The other kind of documentation that is not related to any specific shipment of materials, but rather, to time constraints often outside the control of the company includes: industry regulatory documentation, compliance with company best manufacturing practices, conflict minerals, documentation relating to human rights practices such as the use of child labor, the frequency of audits, and other documentation required by regulatory or foreign government agencies. These documents have their own schedules, some required more frequently than others. They often require that different links in a supply chain must produce documentation attesting to actions for which the client is, in the end, responsible.
This means that you, if you are managing a complex supply chain, are responsible, in aggregate, for the compliance of your suppliers not only in the domain of the physical quality of their shipments but for this opaquer domain of regulatory compliance.
This means that however the cost of overseeing each of these steps, the doubling back to follow up, hits your company at the bottom line. To make sure your company is in compliance, you have staff (or staff time) dedicated exclusively to overseeing your suppliers to ensure their compliance. This staff takes actions such as:
- Sending notices to suppliers about specifications.
- Issuing document and certification requirements.
- Sending reminders about what is required and due dates.
- Issuing follow-up communications
Once the certifications have been gathered, they must be examined, approved, filed, and follow-on reports submitted with additional documentation produced to satisfy requirements at various levels, different jurisdictions and perhaps even different countries.
If the work is being done by people all the way down the line, the information that is transported communicated by any number of means back and forth may not be standardized. This means that, while information is being gathered and disseminated, it has little chance to be aggregated, summarized, and transformed into knowledge.
Knowledge gives insight, and it is the driver of action at a more strategic level than simply ensuring to ensure the compliance of one supplier at one given moment in time.
Automating Supply Chain Compliance
By automating the process of ensuring compliance throughout your supply chain, your company can accomplish a number of important tasks.
- When suppliers submit material documentation (specification collaboration, and later a certificate of analysis) using a standard interface rather than supplier-unique documents, there is time to avoid substandard material from entering the next link in the chain, which saves time and money. A Software-as-a-Service solution such as GSQA® can automatically stop shipments until the situation is remedied.

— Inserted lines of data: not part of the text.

lemma min_gain_le_min_gap:
  assumes "\<gamma> \<in> nonneg_vec d"
  shows "min_gain d mu nu \<gamma> \<le> min_gap d mu nu"
proof -
  have "min_gap d mu nu \<in> (\<lambda>i. (sqrt (mu i) - sqrt (nu i))\<^sup>2) ` {1..d}"
    unfolding min_gap_def using d by (intro Min_in) auto
  then obtain i where i: "i \<in> {1..d}" "min_gap d mu nu = (sqrt (mu i) - sqrt (nu i))\<^sup>2" by auto
  have "min_gain d mu nu \<gamma> \<le> gain (mu i) (nu i) (\<gamma> i)" using i by (simp add: min_gain_def)
  also have "\<dots> \<le> (sqrt (mu i) - sqrt (nu i))\<^sup>2"
    using assms i nu_pos[OF i(1)] nu_less_mu[OF i(1)] by (intro gain_le_sqrt_gap) (auto simp: nonneg_vec_def)
  finally show ?thesis using i by simp
qed

lemma level_set_endpoints:
  assumes i: "i \<in> {1..d}" and l: "0 < l" "l \<le> min_gap d mu nu"
  shows "0 < a_end mu nu l i" and "a_end mu nu l i \<le> b_end mu nu l i"
    and "0 \<le> t \<Longrightarrow> l \<le> gain (mu i) (nu i) t \<longleftrightarrow> a_end mu nu l i \<le> t \<and> t \<le> b_end mu nu l i"
proof -
  have "l \<le> (sqrt (mu i) - sqrt (nu i))\<^sup>2" using l i by (auto simp: min_gap_def)
  note roots = gain_ge_iff_between_roots[of "nu i" "mu i" l, OF _ _ l(1) this]
  show "0 < a_end mu nu l i" "a_end mu nu l i \<le> b_end mu nu l i"
    "0 \<le> t \<Longrightarrow> l \<le> gain (mu i) (nu i) t \<longleftrightarrow> a_end mu nu l i \<le> t \<and> t \<le> b_end mu nu l i"
    using roots nu_pos[OF i] nu_less_mu[OF i] by (simp_all add: a_end_def b_end_def)
qed

lemma gamma_hat_at_bounds:
  assumes "0 < l" "l \<le> min_gap d mu nu" and i: "i \<in> {1..d}"
  shows "a_end mu nu l i \<le> gamma_hat_at d mu nu l i" and "gamma_hat_at d mu nu l i \<le> b_end mu nu l i"
    and "gamma_hat_at d mu nu l i \<le> Max (a_end mu nu l ` {1..d})"
  using level_set_endpoints[OF i assms(1,2)] i by (auto simp: gamma_hat_at_def)

context
  fixes q :: real
  assumes q: "0 \<le> q" "q < 1"
begin

text \<open>Necessity: for \<open>l < min_gap\<close>, a point of the region with \<open>min_gain > l\<close> lies in the box
  \<open>[a_end l, b_end l]\<close>, so its clipping \<open>gamma_hat_at l\<close> has \<open>Sigma_fun < 1\<close>; let \<open>l \<rightarrow> min_gap\<close>.\<close>
lemma Sigma_gamma_hat_le_1_if_close:
  assumes close: "\<forall>l < min_gap d mu nu. \<exists>\<gamma>\<in>Sigma_region d q. l < min_gain d mu nu \<gamma>"
  shows "Sigma_fun d q (gamma_hat d mu nu) \<le> 1"
proof -
  define m where "m = min_gap d mu nu"
  define G where "G l = Sigma_fun d q (gamma_hat_at d mu nu l)" for l
  have "G l \<le> 1" if l: "0 < l" "l < m" for l
  proof -
    obtain \<gamma> where \<gamma>: "\<gamma> \<in> Sigma_region d q" "l < min_gain d mu nu \<gamma>" using close l by (auto simp: m_def)
    have "0 < a_end mu nu l j \<and> a_end mu nu l j \<le> \<gamma> j \<and> \<gamma> j \<le> b_end mu nu l j" if j: "j \<in> {1..d}" for j
    proof -
      have "\<forall>k\<in>{1..d}. l < gain (mu k) (nu k) (\<gamma> k)" using \<gamma>(2) d by (simp add: min_gain_def)
      with j have "l \<le> gain (mu j) (nu j) (\<gamma> j)" by (blast intro: less_imp_le)
      moreover have "0 \<le> \<gamma> j" using \<gamma>(1) j by (simp add: Sigma_region_def nonneg_vec_def)
      ultimately show ?thesis using level_set_endpoints[OF j, of l] l by (simp add: m_def)
    qed
    then have "G l \<le> Sigma_fun d q \<gamma>"
      unfolding G_def gamma_hat_at_def using q d by (intro Sigma_fun_clipped_le) auto
    also have "\<dots> < 1" using \<gamma>(1) by (simp add: Sigma_region_def)
    finally show ?thesis by simp
  qed
  hence "\<forall>\<^sub>F l in at_left m. G l \<le> 1"
    using eventually_at_left_real[OF min_gap_pos[folded m_def]] by (auto elim: eventually_mono)
  moreover have "(G \<longlongrightarrow> G m) (at_left m)"
    unfolding G_def
  proof (intro tendsto_Sigma_fun q d ballI)
    fix i assume i: "i \<in> {1..d}"
    have "nu i \<noteq> 0" using nu_pos[OF i] by simp
    then show "((\<lambda>l. gamma_hat_at d mu nu l i) \<longlongrightarrow> gamma_hat_at d mu nu m i) (at_left m)"
      unfolding gamma_hat_at_def a_end_def b_end_def using d nu_pos
      by (intro tendsto_min tendsto_Max_image tendsto_intros ballI) (auto simp: less_imp_neq[symmetric])
    show "0 < gamma_hat_at d mu nu m i"
      using gamma_hat_at_bounds(1)[OF min_gap_pos _ i] level_set_endpoints(1)[OF i min_gap_pos]
      by (simp add: m_def)
  qed
  ultimately have "G m \<le> 1" by (intro tendsto_upperbound) auto
  then show ?thesis by (simp add: G_def m_def gamma_hat_eq_gamma_hat_at)
qed

text \<open>Sufficiency: \<open>gamma_hat\<close> itself has \<open>min_gain \<ge> min_gap\<close> but may only satisfy
  \<open>Sigma_fun \<le> 1\<close>; raising its coordinates slightly towards the top value makes the
  inequality strict while changing \<open>min_gain\<close> arbitrarily little.\<close>
lemma close_if_Sigma_gamma_hat_le_1:
  assumes Sigma_le: "Sigma_fun d q (gamma_hat d mu nu) \<le> 1" and l: "l < min_gap d mu nu"
  shows "\<exists>\<gamma>\<in>Sigma_region d q. l < min_gain d mu nu \<gamma>"
proof -
  define m where "m = min_gap d mu nu"
  define T where "T = Max (a_end mu nu m ` {1..d})"
  define g where "g = gamma_hat d mu nu"
  define \<gamma> where "\<gamma> \<delta> k = (if k \<in> {1..d} then min (g k + \<delta>) T else 0)" for \<delta> k
  note bounds = gamma_hat_at_bounds[OF min_gap_pos order.refl, folded gamma_hat_eq_gamma_hat_at,
      folded g_def m_def, folded T_def]
  note level = level_set_endpoints[OF _ min_gap_pos order.refl, folded m_def]
  have g_pos: "0 < g j" if "j \<in> {1..d}" for j
    using bounds(1)[OF that] level(1)[OF that] by simp
  have "T \<in> a_end mu nu m ` {1..d}" unfolding T_def using d by (intro Max_in) auto
  then obtain i where i: "i \<in> {1..d}" "a_end mu nu m i = T" by auto
  have "g i = min (b_end mu nu m i) T"
    by (simp add: g_def gamma_hat_eq_gamma_hat_at gamma_hat_at_def T_def m_def)
  with level(2)[OF i(1)] i(2) have g_top: "g i = T" by simp
  have g_T: "\<forall>j\<in>{1..d}. 0 < g j \<and> g j \<le> T" using g_pos bounds(3) by auto
  have in_region: "\<gamma> \<delta> \<in> Sigma_region d q" if "0 < \<delta>" for \<delta>
  proof -
    have raised: "Sigma_fun d q (\<gamma> \<delta>) = Sigma_fun d q (\<lambda>j. min (g j + \<delta>) T)"
      by (rule Sigma_fun_cong) (simp add: \<gamma>_def)
    have "Sigma_fun d q (\<gamma> \<delta>) < 1"
    proof (cases "0 < Sigma_fun d q g")
      case True
      with Sigma_fun_raised_le(2)[OF q g_T i(1) g_top _ that] raised Sigma_le show ?thesis
        by (simp add: g_def less_imp_le[OF that])
    next
      case False
      with Sigma_fun_raised_le(1)[OF q g_T i(1) g_top less_imp_le[OF that]] raised show ?thesis by simp
    qed
    moreover have "0 < \<gamma> \<delta> j" if "j \<in> {1..d}" for j
      using g_pos[OF that] g_T that \<open>0 < \<delta>\<close> by (force simp: \<gamma>_def)
    ultimately show ?thesis by (auto simp: Sigma_region_def nonneg_vec_def \<gamma>_def less_imp_le)
  qed
  have "\<forall>\<^sub>F \<delta> in at_right 0. l < min_gain d mu nu (\<gamma> \<delta>)"
  proof (rule order_tendstoD(1))
    have "m \<le> gain (mu j) (nu j) (g j)" if "j \<in> {1..d}" for j
      using level(3)[OF that] bounds(1,2)[OF that] g_pos[OF that] by simp
    with l have "\<forall>j\<in>{1..d}. l < gain (mu j) (nu j) (g j)" by (fastforce simp: m_def)
    then show "l < min_gain d mu nu g" using d by (simp add: min_gain_def)
    have "((\<lambda>\<delta>. gain (mu j) (nu j) (\<gamma> \<delta> j)) \<longlongrightarrow> gain (mu j) (nu j) (g j)) (at_right 0)"
      if j: "j \<in> {1..d}" for j
    proof -
      have "((\<lambda>\<delta>. min (g j + \<delta>) T) \<longlongrightarrow> min (g j + 0) T) (at_right 0)"
        by (intro tendsto_intros)
      hence "((\<lambda>\<delta>. \<gamma> \<delta> j) \<longlongrightarrow> g j) (at_right 0)" using j g_T by (simp add: \<gamma>_def min_absorb1)
      then show ?thesis unfolding gain_def using g_pos[OF j] by (intro tendsto_intros) auto
    qed
    then show "((\<lambda>\<delta>. min_gain d mu nu (\<gamma> \<delta>)) \<longlongrightarrow> min_gain d mu nu g) (at_right 0)"
      unfolding min_gain_def using d by (intro tendsto_Min_image) auto
  qed
  then have "\<forall>\<^sub>F \<delta> in at_right 0. 0 < \<delta> \<and> l < min_gain d mu nu (\<gamma> \<delta>)"
    using eventually_at_right_less by (rule eventually_conj[rotated])
  with in_region show ?thesis using eventually_happens'[OF trivial_limit_at_right_real] by blast
qed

- Shipment approval can also be tied to regulatory compliance, as well as to the use of best practices. GSQA® can stop shipments until the document compliance situation is remedied.
- Because of the digital nature of the system, your company has access to material Statistical Process Control (SPC).
- The system can quickly show material trends towards non-compliance. Trends can warn you about dangers ahead before the problems become dangerous and costly.
- SPC can prevent fraud. Falsified statistics quickly show up and can be addressed after comparing supplier COA test data with in-house or 3rd party labs tests.
- For assigned compliance documentation, GSQA® shows a dashboard of document submittals, approvals, and dates of key events in the cycle.
- Overall compliance scorecarding can be accomplished via the Advanced BI Reporting in GSQA®.
In short, using a system like the GSQA® service to automate the management of your notifications, required documentation submittals, follow-up reminders and finally, the threat of halting shipments empowers the compliance department’s efforts.
The result is a streamlined process, helping your company close the gap between the reality of what your supply chain produces, and your company’s goals and standards.